_Task goal:_
Report the number of lines in the records below that contain the word "proof", and nothing more.

_Given data:_

lemma matrix_inv_unique:
  fixes A B :: "'a::semiring_1 ^ 'n ^ 'n"
  assumes "A ** B = mat 1" "B ** A = mat 1"
  shows "matrix_inv A = B"
  unfolding matrix_inv_def
proof (rule some_equality)
  fix B' assume "A ** B' = mat 1 \<and> B' ** A = mat 1"
  then have "B' = (B' ** A) ** B"
    using assms by (metis matrix_mul_assoc matrix_mul_rid)
  then show "B' = B"
    by (simp add: \<open>A ** B' = mat 1 \<and> B' ** A = mat 1\<close>)
qed (use assms in simp)

lemma matrix_inv_block_mat:
  assumes "a * d - b * c = 1"
  shows "matrix_inv (block_mat a b c d :: 'n::finite sympl_mat) = block_mat d (- b) (- c) a"
  by (rule matrix_inv_unique)
    (use assms in \<open>simp_all add: block_mat_mult mat_1_eq_block_mat algebra_simps\<close>)

lemma binary_quadratic_form_pos:
  fixes p q r x y :: real
  assumes "r > 0" "p\<^sup>2 < - r * q" "x \<noteq> 0 \<or> y \<noteq> 0"
  shows "r * x\<^sup>2 - 2 * p * x * y - q * y\<^sup>2 > 0"
proof -
  have "r * (r * x\<^sup>2 - 2 * p * x * y - q * y\<^sup>2) = (r * x - p * y)\<^sup>2 + (- r * q - p\<^sup>2) * y\<^sup>2"
    by (simp add: algebra_simps power2_eq_square)
  also have "\<dots> > 0"
    using assms by (cases "y = 0") (auto intro: add_nonneg_pos)
  finally show ?thesis
    using \<open>r > 0\<close> by (simp add: zero_less_mult_iff)
qed

lemma block_mat_in_sp_plus:
  fixes p q r :: real
  assumes "r > 0" "p\<^sup>2 < - r * q"
  shows "(block_mat p q r (- p) :: 'n::finite sympl_mat) \<in> sp_plus"
proof -
  define Q where "Q x y = r * x\<^sup>2 - 2 * p * x * y - q * y\<^sup>2" for x y
  have omega: "omega0 u (block_mat p q r (- p) *v u) = (\<Sum>j\<in>UNIV. Q (u $ Inl j) (u $ Inr j))" for u
    unfolding omega0_def Q_def by (rule sum.cong) (simp_all add: algebra_simps power2_eq_square)
  have Q_nonneg: "Q x y \<ge> 0" for x y
    using binary_quadratic_form_pos [OF assms, of x y] by (cases "x = 0 \<and> y = 0") (auto simp: Q_def)
  have "omega0 u (block_mat p q r (- p) *v u) > 0" if "u \<noteq> 0" for u :: "'n sympl_vec"
  proof -
    obtain i where "u $ i \<noteq> 0"
      using \<open>u \<noteq> 0\<close> by (auto simp: vec_eq_iff)
    then obtain j where "u $ Inl j \<noteq> 0 \<or> u $ Inr j \<noteq> 0"
      by (cases i) auto
    then have "0 < Q (u $ Inl j) (u $ Inr j)"
      unfolding Q_def by (rule binary_quadratic_form_pos [OF assms])
    also have "\<dots> \<le> (\<Sum>j\<in>UNIV. Q (u $ Inl j) (u $ Inr j))"
      by (rule member_le_sum) (auto intro: Q_nonneg)
    finally show ?thesis
      by (simp add: omega)
  qed
  moreover have "block_mat p q r (- p) \<in> (sp :: 'n sympl_mat set)"
    unfolding sp_def omega0_def by (auto intro!: sum.cong simp: algebra_simps)
  ultimately show ?thesis
    by (simp add: sp_plus_def)
qed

_Finished exercise:_
4